それからは、週末を指折り数えて待つ日々が続いた。いつもより長めにお風呂に入ったり、多めに化粧水を塗ったりして過ごした。
 
「ついに明日ですね!」
「迎えに行きます! お家はどちらに?」
「湊高台にあります」
「え、僕もです。なんで今まで会わなかったんだろう」
準備は万端。ベッドの上で月明かりを頼りに、携帯を操作する。
窓から住宅地を眺める。この家々のどこかに優多さんが住んでいると思うと、一気に気分は高揚した。
 
当日。優多さんは親から譲ってもらったという軽自動車で、私の家まで迎えに来た。
「早く車に乗りたくて。僕、五月産まれなんですけれど、誕生日きてすぐに合宿行って、最短で免許取りました」
「どうしてそんなに早く免許が欲しかったんですか」
「いろんなところに行って、たくさん写真を撮れるから。人を乗せるのは今日がはじめてです。気を付けて運転するから、安心して乗っていてくださいね」
車窓に貼られた初心者マークが、反射して光った。
「今日はどこに行くんですか」
真剣にハンドルを握る優多さんの横顔を覗き見しながら、話しかける。
「やっぱり、海かな」
「やっぱり、海ですよね」
「うん、海しかないし。海が、好きだし」
海は、八戸の宝だと思う。ある映画のロケ地として選ばれ、話題になったこともある。監督は、「この映画を撮れる場所が日本にはないと思っていた、八戸に来るまでは」と言ったらしい。
波の行く先を辿ればひとつにつながっているはずなのに、海は場所によって表情を変えるから不思議だ。八戸の海は、人の心に近い青色をしている。
「海に行くなら、ホロンバイルに行きたいです!」
「いいね、賛成! でもまずは、お昼ご飯を先に食べようか」
八戸にできたばかりのチェーン珈琲店で、味噌カツパンを注文した。優多さんは悩みに悩んで、シロノワールを注文していた。
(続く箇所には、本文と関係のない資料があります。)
lemma ex_shear_standard_pencil_nondegenerate:
  fixes a b c d :: "'a::field_char_0"
  assumes avoids: "\<forall>h\<in>span2 (cubic (a, b, 1, 0)) (cubic (c, d, 0, 1)). \<not> on_veronese h"
  shows "\<exists>s. plucker23 (shear_coeffs s (a, b, 1, 0)) (shear_coeffs s (c, d, 0, 1)) \<noteq> 0 \<and>
             pencil_discr (shear_coeffs s (a, b, 1, 0)) (shear_coeffs s (c, d, 0, 1)) \<noteq> 0"
proof -
  define p :: "'a poly" where "p = [:1, -2*b, 3*a - d, 2*c, a*d - b*c:]"
  define q0 where "q0 = 4*d + 3*b^2"
  define q1 where "q1 = -12*c - 2*b*d - 18*a*b"
  define q2 where "q2 = -(d^2) + 18*b*c - 18*a*d + 27*a^2"
  define q :: "'a poly" where "q = [:q0, q1, q2, 2*c*d - 12*b^2*c + 18*a*c + 12*a*b*d,
     3*c^2 - 4*b*c*d + 4*a*d^2:]"
  have p_eval: "poly p s = plucker23 (shear_coeffs s (a, b, 1, 0)) (shear_coeffs s (c, d, 0, 1))" for s
    by (simp add: p_def algebra_simps power2_eq_square power3_eq_cube)
  have q_eval: "poly q s = pencil_discr (shear_coeffs s (a, b, 1, 0)) (shear_coeffs s (c, d, 0, 1))" for s
    by (simp add: q_def q0_def q1_def q2_def algebra_simps power2_eq_square power3_eq_cube)
  have "q \<noteq> 0"
  proof
    assume "q = 0"
    then have "q0 = 0" "q1 = 0" "q2 = 0"
      by (simp_all add: q_def)
    have "8*c + 12*a*b - b^3 = -(2*q1 + b*q0)/3"
      by (simp add: q0_def q1_def field_simps power2_eq_square power3_eq_cube)
    with \<open>q0 = 0\<close> \<open>q1 = 0\<close> have c: "8*c + 12*a*b - b^3 = 0"
      by simp
    have "(4*a - b^2)^2 = (16*q2 - (6*b^2 - 72*a - q0)*q0 - 36*b*(8*c + 12*a*b - b^3))/27"
      by (simp add: q0_def q2_def field_simps power2_eq_square power3_eq_cube)
    with \<open>q0 = 0\<close> \<open>q2 = 0\<close> c have "4*a - b^2 = 0"
      by simp
    then have a: "a = b^2/4"
      by (simp add: field_simps mult.commute)
    from c have c: "c = (b^3 - 12*a*b)/8"
      by (simp add: field_simps)
    from \<open>q0 = 0\<close> have d: "d = -3*b^2/4"
      by (simp add: q0_def field_simps add_eq_0_iff2)
    have "(\<lambda>v. (linform (b/2) 1 v)^3) = (\<lambda>v. (3*b/2) * cubic (a, b, 1, 0) v + 1 * cubic (c, d, 0, 1) v)"
      unfolding c a d by (auto simp: fun_eq_iff linform_def field_simps power2_eq_square power3_eq_cube)
    then have "(\<lambda>v. (linform (b/2) 1 v)^3) \<in> span2 (cubic (a, b, 1, 0)) (cubic (c, d, 0, 1))"
      unfolding span2_def by blast
    with cube_notin_if_avoids_veronese[OF avoids] show False
      by blast
  qed
  moreover have "p \<noteq> 0"
    by (simp add: p_def)
  ultimately obtain s where "poly (p * q) s \<noteq> 0"
    using poly_all_0_iff_0[of "p * q"] by auto
  then show ?thesis
    using p_eval q_eval by auto
qed

lemma secant_normal_form_standard_pencil:
  fixes a b c d :: "'a::{alg_closed_field, field_char_0}"
  assumes avoids: "\<forall>h\<in>span2 (cubic (a, b, 1, 0)) (cubic (c, d, 0, 1)). \<not> on_veronese h"
  shows "secant_normal_form (span2 (cubic (a, b, 1, 0)) (cubic (c, d, 0, 1)))"
proof -
  obtain s where nondeg:
    "plucker23 (shear_coeffs s (a, b, 1, 0)) (shear_coeffs s (c, d, 0, 1)) \<noteq> 0"
    "pencil_discr (shear_coeffs s (a, b, 1, 0)) (shear_coeffs s (c, d, 0, 1)) \<noteq> 0"
    using ex_shear_standard_pencil_nondegenerate[OF avoids] by blast
  have "secant_normal_form (shear s ` span2 (cubic (a, b, 1, 0)) (cubic (c, d, 0, 1)))"
    using secant_normal_form_nondegenerate[OF nondeg] avoids_veronese_shear[OF avoids]
    unfolding span2_cubic_shear_coeffs by blast
  then show ?thesis
    by (simp add: secant_normal_form_shear_iff)
qed

theorem lemma2p2:
  fixes f g :: "'a::{alg_closed_field, field_char_0} \<times> 'a \<Rightarrow> 'a"
  assumes "is_cubic_form f" and "is_cubic_form g"
    and "\<forall>\<alpha> \<beta>. (\<lambda>v. \<alpha> * f v + \<beta> * g v) = (\<lambda>_. 0) \<longrightarrow> \<alpha> = 0 \<and> \<beta> = 0"
    and "\<forall>h \<in> span2 f g. \<not> on_veronese h"
  shows "\<exists>p q r s a b. p * s - q * r \<noteq> 0 \<and>
           span2 f g =
             span2 (\<lambda>v. (linform p q v)^3 + a * (linform r s v)^3)
                   (\<lambda>v. (linform p q v)^3 + b * (linform p q v + linform r s v)^3)"
proof -
  obtain F G where f: "f = cubic F" and g: "g = cubic G"
    using assms(1,2) by (auto simp: is_cubic_form_iff)
  obtain t where "plucker23 (shear_coeffs t F) (shear_coeffs t G) \<noteq> 0"
    using ex_shear_plucker23_nonzero assms(3) unfolding f g by blast
  then obtain a b c d where
    normal: "shear t ` span2 f g = span2 (cubic (a, b, 1, 0)) (cubic (c, d, 0, 1))"
    using ex_standard_pencil_basis unfolding f g span2_cubic_shear_coeffs[symmetric] by blast
  have "secant_normal_form (shear t ` span2 f g)"
    using avoids_veronese_shear[OF assms(4), of t] unfolding normal
    by (rule secant_normal_form_standard_pencil)
  then have "secant_normal_form (span2 f g)"
    by (simp only: secant_normal_form_shear_iff)
  then show ?thesis
    unfolding secant_normal_form_def .
qed

end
「これからソフトクリーム食べるのに、お腹大丈夫ですか」
「大丈夫。僕、お腹強いから」
どや顔をする優多さんはいじらしい。こんな時に人は、写真を撮りたいと思うのだろう。
 
「僕ね、通信制の高校に通っているんです」
運ばれてきた冷水を弄びながら、優多さんは私に打ち明けた。
「そうなんですね。それは、なんでですか?」
「ひとつは、中学生のときに不登校だったから。もうひとつは、できるだけ長い時間カメラと向き合いたいから」
優多さんのまなざしは、真剣だ。
「夢に向かって本気なの、かっこいいです。私はいまだに、自分が何をしたいのか分からないな」
「そよかさんは、歌い続けたらいいと思います。そよかさんには歌が必要でしょう」
優多さんの言葉は、私の心の深いところに響いた。この言葉はきっと、お守りとなるだろう。
「私も学校が辛いです。気持ち、分かります」
「勉強が不要だとは思ってはいない。教育は受けたい。けれど、社会性は学校に行かなくても、養えると思ってる」
「私もそう思います。でも、今の生活を変えるほどの勇気はないし、この考えだけが正解じゃないことも分かる。だから私は、他の居場所を見つけて息抜きをしながら、なんだかんだ普通に学校に通い続けると思う」
ゆっくり言葉を紡ぐ私を、優多さんは穏やかな眼差しで見守ってくれていた。